2.2 Measurement of ‘clinical lipids’

In the Dutch Famine Birth Cohort, fasting blood was drawn for analysis of Low Density Lipoprotein (LDL)-cholesterol, High Density Lipoprotein (HDL)-cholesterol and triglyceride. HDL-cholesterol and triglyceride were measured using an enzymatic colorimetric reagent test using a P-800 Modular (Roche/Hitachi), with LDL-cholesterol calculated using the Friedewald formula and total cholesterol determined by combining the concentration of HDL and LDL cholesterol (Lumey et al. 1993). In the ABCD cohort samples were collected after a 3 h fasting period with capillary blood from a finger prick was collected within a capillary tube within 10 s with the sample subsequently transferred to the test cassette with TG, TC, HDL, and LDL concentration determined using the Cholestec LDX Analyzer (Eijsden et al. 2011).

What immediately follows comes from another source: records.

(* Row m of the upper half holds the coefficients of A_{m,k}, row m of the lower half those
   of A\<^sup>\<dagger>_{m,-k}, both with respect to the Nambu vector \<phi>_k. *)

definition bogoliubov_mat :: "('k::uminus \<Rightarrow> complex mat) \<Rightarrow> ('k \<Rightarrow> complex mat) \<Rightarrow> 'k \<Rightarrow> complex mat" where
  "bogoliubov_mat u v k =
     four_block_mat (u k) (v k) (map_mat cnj (v (- k))) (map_mat cnj (u (- k)))"

context
  fixes u v :: "'k::uminus \<Rightarrow> complex mat" and R N :: nat and k :: 'k
  assumes u: "u k \<in> carrier_mat R N" and v: "v k \<in> carrier_mat R N"
    and u': "u (- k) \<in> carrier_mat R N" and v': "v (- k) \<in> carrier_mat R N"
begin

lemma bogoliubov_mat_carrier: "bogoliubov_mat u v k \<in> carrier_mat (R + R) (N + N)"
  using u v u' v' by (simp add: bogoliubov_mat_def)

lemma adj_bogoliubov_mat:
  "adj (bogoliubov_mat u v k) =
    four_block_mat (adj (u k)) (transpose_mat (v (- k))) (adj (v k)) (transpose_mat (u (- k)))"
  unfolding bogoliubov_mat_def using u v u' v'
  by (simp add: adj_four_block_mat[where ?nr1.0=R and ?nc1.0=N and ?nr2.0=R and ?nc2.0=N])

lemma adj_bogoliubov_mult_bogoliubov:
  "adj (bogoliubov_mat u v k) * bogoliubov_mat u v k = bdg_particle N u v k + bdg_hole N u v k"
  unfolding adj_bogoliubov_mat unfolding bogoliubov_mat_def using u v u' v'
  by (simp add: bdg_particle_four_block_mat[of u k R N v, OF u v] bdg_hole_four_block_mat[of u k R N v, OF u' v']
      mult_four_block_mat[where ?nr1.0=N and ?n1.0=R and ?n2.0=R and ?nr2.0=N and ?nc1.0=N and ?nc2.0=N]
      add_four_block_mat[where ?nr1.0=N and ?nc1.0=N and ?nr2.0=N and ?nc2.0=N])

lemma adj_bogoliubov_tau_z_bogoliubov:
  "adj (bogoliubov_mat u v k) * tau_z R * bogoliubov_mat u v k = bdg_particle N u v k - bdg_hole N u v k"
proof -
  have assoc: "adj (bogoliubov_mat u v k) * tau_z R * bogoliubov_mat u v k
      = adj (bogoliubov_mat u v k) * (tau_z R * bogoliubov_mat u v k)"
    using bogoliubov_mat_carrier by (intro assoc_mult_mat[OF adj_carrier_mat tau_z_carrier_mat])
  have tau_z_bogoliubov: "tau_z R * bogoliubov_mat u v k =
      four_block_mat (u k) (v k) (- map_mat cnj (v (- k))) (- map_mat cnj (u (- k)))"
    unfolding bogoliubov_mat_def using u v u' v' by (simp add: tau_z_mult_four_block_mat)
  show ?thesis
    unfolding assoc tau_z_bogoliubov unfolding adj_bogoliubov_mat using u v u' v'
    by (simp add: bdg_particle_four_block_mat[of u k R N v, OF u v] bdg_hole_four_block_mat[of u k R N v, OF u' v']
      mult_four_block_mat[where ?nr1.0=N and ?n1.0=R and ?n2.0=R and ?nr2.0=N and ?nc1.0=N and ?nc2.0=N]
      minus_four_block_mat[where ?nr1.0=N and ?nc1.0=N and ?nr2.0=N and ?nc2.0=N] add_uminus_eq_minus_mat)
qed

lemma bogoliubov_mat_pseudo_unitary:
  assumes norm: "u k * adj (u k) - v k * adj (v k) = 1\<^sub>m R"
    and norm': "u (- k) * adj (u (- k)) - v (- k) * adj (v (- k)) = 1\<^sub>m R"
    and pairing: "u k * transpose_mat (v (- k)) - v k * transpose_mat (u (- k)) = 0\<^sub>m R R"
  shows "bogoliubov_mat u v k * tau_z N * adj (bogoliubov_mat u v k) = tau_z R"
proof -
  note dims = u v u' v' [THEN carrier_matD(1)] u v u' v' [THEN carrier_matD(2)]
  have "bogoliubov_mat u v k * tau_z N =
      four_block_mat (u k) (- v k) (map_mat cnj (v (- k))) (- map_mat cnj (u (- k)))"
    unfolding bogoliubov_mat_def using u v u' v' by (simp add: four_block_mat_mult_tau_z)
  then show ?thesis
    unfolding adj_bogoliubov_mat using u v u' v' dims norm pairing
      adj_pairing_eq_zero[OF u v u' v' pairing] cnj_normalization[OF u' v' norm']
    by (simp add: tau_z_def add_uminus_eq_minus_mat
        mult_four_block_mat[where ?nr1.0=R and ?n1.0=N and ?n2.0=N and ?nr2.0=R and ?nc1.0=R and ?nc2.0=R])
qed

2.3 Preparation of plasma samples

Samples were extracted from plasma (which was stored at − 80 °C until assay) as described previously (Harshfield et al. 2019). In short: 100 µl of LC–MS grade water and 150 µl of internal standard mix (Table S1) were added to 15 µl of plasma in a 96 well glass coated plate prior to mixing for 10 s. Subsequently, 750 µl of LC–MS grade methyl-tertiary butyl ether (MTBE) and a further 200 µl of LC–MS grade water were added to each well before shaking for 10 s. Once mixed, plates were spun at 845×g for 2 min to achieve phase separation with 25 µl of the upper organic phase transferred to a new glass coated plate with 90 µl of MS-mix (7.5 mM ammonium acetate in IPA:CH3OH 2:1), which was subsequently added to each well.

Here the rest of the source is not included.